Wybaczcie moją nieobecność! Niestety prace podwórkowe z mężem nieco mnie pochłonęły, jeszcze na sobotę planujemy urodziny Hani, torcik, słodycze itp + ognisko, bo ponoć pogoda ma być ładna :)

Właśnie skończył mi się szampon do włosów, miałam już o nim wcześniej napisać, ale nie było kiedy.


Nivea Szampon prostujący włosy Straight&Gloss


Od producenta: Poczuj piękno Twoich włosów dzięki unikalnej formule, łączącej naturalne składniki i płynną keratynę, stanowiącą budulec włosa.


Sposób użycia: Nanieś szampon na wilgotne włosy, delikatnie wmasuj, a następnie spłucz. Dla optymalnych rezultatów używaj całej linii STRIGHT & GLOSS.


SKŁAD:



MOJA OPINIA:
Czytając wydaje się być idealny dla moich włosów. 

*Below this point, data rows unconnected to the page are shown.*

lemma indep_weighted_sum_tail_le_Bbound:
  fixes z :: "'i \<Rightarrow> 'a \<Rightarrow> real" and c :: "'i \<Rightarrow> real"
  assumes I: "finite I" and indep: "indep_vars (\<lambda>_. borel) z I"
    and sym: "\<And>l. l \<in> I \<Longrightarrow> distr M borel (z l) = distr M borel (\<lambda>\<omega>. - z l \<omega>)"
    and z_bounded: "\<And>l \<omega>. l \<in> I \<Longrightarrow> \<omega> \<in> space M \<Longrightarrow> \<bar>z l \<omega>\<bar> \<le> 1"
    and c_bounded: "\<And>l. l \<in> I \<Longrightarrow> \<bar>c l\<bar> \<le> 1"
    and "0 < t"
  shows "prob {\<omega>\<in>space M. t \<le> (\<Sum>l\<in>I. c l * z l \<omega>)} \<le> Bbound (card I) t"
proof (rule indep_sum_tail_le_Bbound[OF I _ _ _ \<open>0 < t\<close>])
  show "indep_vars (\<lambda>_. borel) (\<lambda>l \<omega>. c l * z l \<omega>) I"
    by (rule indep_vars_compose2[OF indep]) auto
next
  fix l assume l: "l \<in> I"
  then have [measurable]: "z l \<in> borel_measurable M"
    using indep by (auto simp: indep_vars_def)
  have "distr M borel (\<lambda>\<omega>. c l * z l \<omega>) = distr (distr M borel (z l)) borel (\<lambda>v. c l * v)"
    by (subst distr_distr) (auto simp: comp_def)
  also have "\<dots> = distr (distr M borel (\<lambda>\<omega>. - z l \<omega>)) borel (\<lambda>v. c l * v)"
    using sym[OF l] by simp
  also have "\<dots> = distr M borel (\<lambda>\<omega>. - (c l * z l \<omega>))"
    by (subst distr_distr) (auto simp: comp_def)
  finally show "distr M borel (\<lambda>\<omega>. c l * z l \<omega>) = distr M borel (\<lambda>\<omega>. - (c l * z l \<omega>))" .
next
  fix l \<omega> assume "l \<in> I" "\<omega> \<in> space M"
  then show "\<bar>c l * z l \<omega>\<bar> \<le> 1"
    using c_bounded z_bounded by (simp add: abs_mult mult_le_one)
qed

end

lemma weighted_center_row:
  assumes "is_weighted_center A b0 w x y s"
  shows "(A $ i) \<bullet> x = b0 $ i - s $ i" "0 < s $ i" "y $ i = w $ i / s $ i"
proof -
  have "A *v x + s = b0" "0 < s $ i" "s $ i * y $ i = w $ i"
    using assms unfolding is_weighted_center_def by auto
  then show "(A $ i) \<bullet> x = b0 $ i - s $ i" "0 < s $ i" "y $ i = w $ i / s $ i"
    by (auto simp: matrix_vector_mul_component field_simps dest: arg_cong[where f="\<lambda>v. v $ i"])
qed

theorem mainTheorem20:
  fixes A :: "real^'n^'m" and b0 :: "real^'m"
    and N :: "'m \<Rightarrow> nat" and \<Delta>b :: "'m \<Rightarrow> nat \<Rightarrow> real"
    and w :: "real^'m" and x :: "real^'n" and y s :: "real^'m"
    and M :: "'a measure" and z :: "nat \<Rightarrow> 'a \<Rightarrow> real" and i :: 'm
  assumes rankA: "rank A = CARD('n)"
    and nm: "CARD('n) \<le> CARD('m)"
    and bnd: "bounded (polytope A b0)"
    and intr: "interior (polytope A b0) \<noteq> {}"
    and db_nonneg: "\<And>j l. l \<in> {1..N j} \<Longrightarrow> \<Delta>b j l \<ge> 0"
    and db_nonzero: "\<And>j. \<exists>l\<in>{1..N j}. \<Delta>b j l \<noteq> 0"
    and w_pos: "\<And>j. w $ j > 0"
    and w_sum: "(\<Sum>j\<in>UNIV. w $ j) = 1"
    and center: "is_weighted_center A b0 w x y s"
    and P: "prob_space M"
    and z_rv: "\<And>l. l \<in> {1..N i} \<Longrightarrow> z l \<in> borel_measurable M"
    and z_indep: "prob_space.indep_vars M (\<lambda>_. borel) z {1..N i}"
    and z_sym: "\<And>l. l \<in> {1..N i} \<Longrightarrow> distr M borel (z l) = distr M borel (\<lambda>\<omega>. - z l \<omega>)"
    and z_range: "\<And>l \<omega>. l \<in> {1..N i} \<Longrightarrow> \<omega> \<in> space M \<Longrightarrow> z l \<omega> \<in> {-1..1}"
  shows "measure M {\<omega> \<in> space M. (A $ i) \<bullet> x > b0 $ i + (\<Sum>l\<in>{1..N i}. \<Delta>b i l * z l \<omega>)}
           \<le> Bbound (N i)
               ((w $ i / (y $ i * (\<Sum>l\<in>{1..N i}. \<bar>\<Delta>b i l\<bar>)))
                 * ((\<Sum>l\<in>{1..N i}. \<bar>\<Delta>b i l\<bar>) / Max (\<Delta>b i ` {1..N i})))"
proof -
  interpret prob_space M
    by (rule P)
  define I where "I = {1..N i}"
  define m where "m = Max (\<Delta>b i ` I)"
  obtain l0 where l0: "l0 \<in> I" "\<Delta>b i l0 \<noteq> 0"
    using db_nonzero[of i] unfolding I_def by blast
  have le_m: "\<Delta>b i l \<le> m" if "l \<in> I" for l
    using that unfolding m_def by (intro Max_ge) (auto simp: I_def)
  have "0 < \<Delta>b i l0"
    using db_nonneg[of l0 i] l0 unfolding I_def by force
  then have m_pos: "0 < m" and D_pos: "0 < (\<Sum>l\<in>I. \<bar>\<Delta>b i l\<bar>)"
    using le_m[OF l0(1)] member_le_sum[of l0 I "\<lambda>l. \<bar>\<Delta>b i l\<bar>"] l0(1) unfolding I_def by auto
  note row = weighted_center_row[OF center, of i]
  have arg: "(w $ i / (y $ i * (\<Sum>l\<in>I. \<bar>\<Delta>b i l\<bar>))) * ((\<Sum>l\<in>I. \<bar>\<Delta>b i l\<bar>) / m) = s $ i / m"
    unfolding row(3) using row(2) D_pos w_pos[of i] by (simp add: field_simps)
  have "measure M {\<omega> \<in> space M. (A $ i) \<bullet> x > b0 $ i + (\<Sum>l\<in>I. \<Delta>b i l * z l \<omega>)}
      \<le> prob {\<omega>\<in>space M. s $ i / m \<le> (\<Sum>l\<in>I. (- \<Delta>b i l / m) * z l \<omega>)}"
    using z_rv m_pos unfolding I_def row(1)
    by (intro finite_measure_mono)
       (auto simp: sum_divide_distrib[symmetric] sum_negf field_simps)
  also have "\<dots> \<le> Bbound (card I) (s $ i / m)"
    using z_indep z_sym z_range le_m db_nonneg row(2) m_pos unfolding I_def
    by (intro indep_weighted_sum_tail_le_Bbound) (auto simp: abs_le_iff)
  finally show ?thesis
    unfolding arg[symmetric] unfolding I_def m_def by simp
qed
lemma inst_beta_step:
  "beta_step t t' \<Longrightarrow> inst \<rho> s t \<Longrightarrow> \<exists>s'. (s = s' \<or> beta_step s s') \<and> inst \<rho> s' t'"
proof (induction t t' arbitrary: \<rho> s rule: compat.induct)
  case (base t t')
  then obtain p' q' where "t = App (Lam p') q'" "t' = subst 0 q' p'"
    by (auto simp: R_beta_def)
  with inst_beta_redex[of \<rho> s p' q'] base(2) show ?case
    by simp
next
  case (appL a a' b)
  from appL(3) show ?case
  proof cases
    case (App s1 s2)
    with appL.IH obtain s1' where "s1 = s1' \<or> beta_step s1 s1'" "inst \<rho> s1' a'"
      by blast
    with App show ?thesis
      by (auto intro: compat.appL inst.App)
  qed (use inst.stuck in blast)
next
  case (appR a a' b)
  from appR(3) show ?case
  proof cases
    case (App s1 s2)
    with appR.IH obtain s2' where "s2 = s2' \<or> beta_step s2 s2'" "inst \<rho> s2' a'"
      by blast
    with App show ?thesis
      by (auto intro: compat.appR inst.App)
  qed (use inst.stuck in blast)
next
  case (lam a a')
  from lam(3) show ?case
  proof cases
    case (Lam s0)
    with lam.IH obtain s0' where "s0 = s0' \<or> beta_step s0 s0'" "inst (lift_ren \<rho>) s0' a'"
      by blast
    with Lam show ?thesis
      by (auto intro: compat.lam inst.Lam)
  qed (use inst.stuck in blast)
qed

lemma inst_beta_steps:
  "beta_step\<^sup>*\<^sup>* t t' \<Longrightarrow> inst \<rho> s t \<Longrightarrow> \<exists>s'. beta_step\<^sup>*\<^sup>* s s' \<and> inst \<rho> s' t'"
proof (induction rule: rtranclp_induct)
  case (step y z)
  then obtain s' where "beta_step\<^sup>*\<^sup>* s s'" "inst \<rho> s' y"
    by blast
  with inst_beta_step[OF step(2)] show ?case
    by (metis rtranclp.rtrancl_into_rtrancl)
qed blast

lemma stuck_hnf: "stuck \<rho> s \<Longrightarrow> hnf bt s"
proof -
  assume "stuck \<rho> s"
  then have "\<exists>n ts. s = apps (Var n) ts"
    by induction (metis apps_Nil, metis apps_snoc)
  then obtain n ts where "s = apps (Var n) ts"
    by blast
  then show ?thesis
    by (simp add: hnf_apps)
qed

lemma inst_apps:
  "inst \<rho> s (apps a ts) \<Longrightarrow> is_atom a \<Longrightarrow> a \<noteq> Cst bt \<Longrightarrow>
     stuck \<rho> s \<or> (\<exists>a' ts'. s = apps a' ts' \<and> is_atom a' \<and> a' \<noteq> Cst bt)"
proof (induction ts arbitrary: s rule: rev_induct)
  case Nil
  from Nil(1) show ?case
  proof cases
    case (Var n m)
    then show ?thesis
      by (metis apps_Nil is_atom_simps(1) trm.distinct(1))
  next
    case (Cst c)
    with Nil show ?thesis
      by (metis apps_Nil)
  qed (use Nil in \<open>auto simp: is_atom_def\<close>)
next
  case (snoc t ts)
  from snoc(2) show ?case
  proof cases
    case (App s1 t1 s2 t2)
    with snoc.IH snoc(3,4) show ?thesis
      by (metis apps_snoc stuck.App trm.inject(3))
  qed auto
qed

lemma inst_hnf: "inst \<rho> s t \<Longrightarrow> hnf bt t \<Longrightarrow> hnf bt s"
proof -
  assume "inst \<rho> s t" "hnf bt t"
  then obtain m a ts where "inst \<rho> s (lams m (apps a ts))" "is_atom a" "a \<noteq> Cst bt"
    unfolding hnf_def by blast
  then show ?thesis
  proof (induction m arbitrary: \<rho> s)
    case 0
    then have "stuck \<rho> s \<or> (\<exists>a' ts'. s = apps a' ts' \<and> is_atom a' \<and> a' \<noteq> Cst bt)"
      by (intro inst_apps) simp_all
    then show ?case
      by (auto intro: stuck_hnf hnf_apps)
  next
    case (Suc m)
    from Suc(2) show ?case
    proof cases
      case stuck
      then show ?thesis
        by (rule stuck_hnf)
    next
      case (Lam s0)
      with Suc show ?thesis
        by (auto intro: hnf_Lam)
    qed auto
  qed
qed

lemma inst_has_hnf: "inst \<rho> s t \<Longrightarrow> has_hnf bt t \<Longrightarrow> has_hnf bt s"
proof -
  assume "inst \<rho> s t" "has_hnf bt t"
  then obtain t' where t': "beta_step\<^sup>*\<^sup>* t t'" "hnf bt t'"
    unfolding has_hnf_def by blast
  obtain s' where s': "beta_step\<^sup>*\<^sup>* s s'" "inst \<rho> s' t'"
    using inst_beta_steps[OF t'(1) \<open>inst \<rho> s t\<close>] by blast
  have "hnf bt s'"
    by (rule inst_hnf[OF s'(2) t'(2)])
  with s'(1) show ?thesis
    unfolding has_hnf_def by blast
qed

lemma has_hnf_subst: "has_hnf bt (subst k u s) \<Longrightarrow> has_hnf bt s"
  using inst_has_hnf[OF inst_subst_self] .

lemma has_hnf_lift: "has_hnf bt (lift d k u) \<Longrightarrow> has_hnf bt u"
  using inst_has_hnf[OF inst_lift_self] .

lemma has_hnf_App_fun: "has_hnf bt (App t1 t2) \<Longrightarrow> has_hnf bt t1"
proof -
  assume "has_hnf bt (App t1 t2)"
  then obtain h where h: "beta_step\<^sup>*\<^sup>* (App t1 t2) h" "hnf bt h"
    unfolding has_hnf_def by blast
  from beta_steps_App_cases[OF h(1)] show ?thesis
  proof (elim disjE exE conjE)
    fix h1 h2
    assume "h = App h1 h2" "beta_step\<^sup>*\<^sup>* t1 h1"
    with h(2) have "hnf bt h1"
      using hnf_App_fun[of bt h1 h2] by simp
    with \<open>beta_step\<^sup>*\<^sup>* t1 h1\<close> show ?thesis
      unfolding has_hnf_def by blast
  next
    fix p q
    assume "beta_step\<^sup>*\<^sup>* t1 (Lam p)" "beta_step\<^sup>*\<^sup>* (subst 0 q p) h"
    with h(2) have "has_hnf bt (subst 0 q p)"
      unfolding has_hnf_def by blast
    then have "has_hnf bt (Lam p)"
      by (rule has_hnf_Lam[OF has_hnf_subst])
    then show ?thesis
      by (rule has_hnf_rtranclp[OF \<open>beta_step\<^sup>*\<^sup>* t1 (Lam p)\<close>])
  qed
qed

Opakowanie - moja wersja jest 400 ml, dostępna również 200 ml. Zamknięcie na "klik", butelka o smukłym kształcie, wygodna do trzymania w ręce, nie wyślizguje się.


Zapach trochę chemiczny, nieco słodki, ale nie drażniący nosa, szybko się ulatnia.
Kolor perłowy.
Konsystencja dość gęsta, trochę lejąca, ale nie uciekająca z dłoni.


Jak wiecie, bądź nie - moje włosy lubią się puszyć i to bardzo! Do tego są nieco falowane. Czy producent spełnił co obiecał? W moim przypadku prawie wszystko się sprawdziło. Włosy były wygładzone i nie puszyły się, dobrze oczyszczone i miękkie w dotyku.
Natomiast jakiejś szczególnej pielęgnacji i błyszczenia nie zauważyłam.
Ogólnie mówiąc szampon mnie zadowolił, zrobił co miał zrobić i do tego był wydajny, gdyż za każdym razem używałam go stosując 1 mycie a nie 2 jak w większości szamponów! Dobrze zmywał oleje, choć jak nałożyłam więcej oleju, musiałam myc głowę podwójnie. Nie przetłuszczał - mogłam myć włosy co 3-4 dni. Nie podrażnił. 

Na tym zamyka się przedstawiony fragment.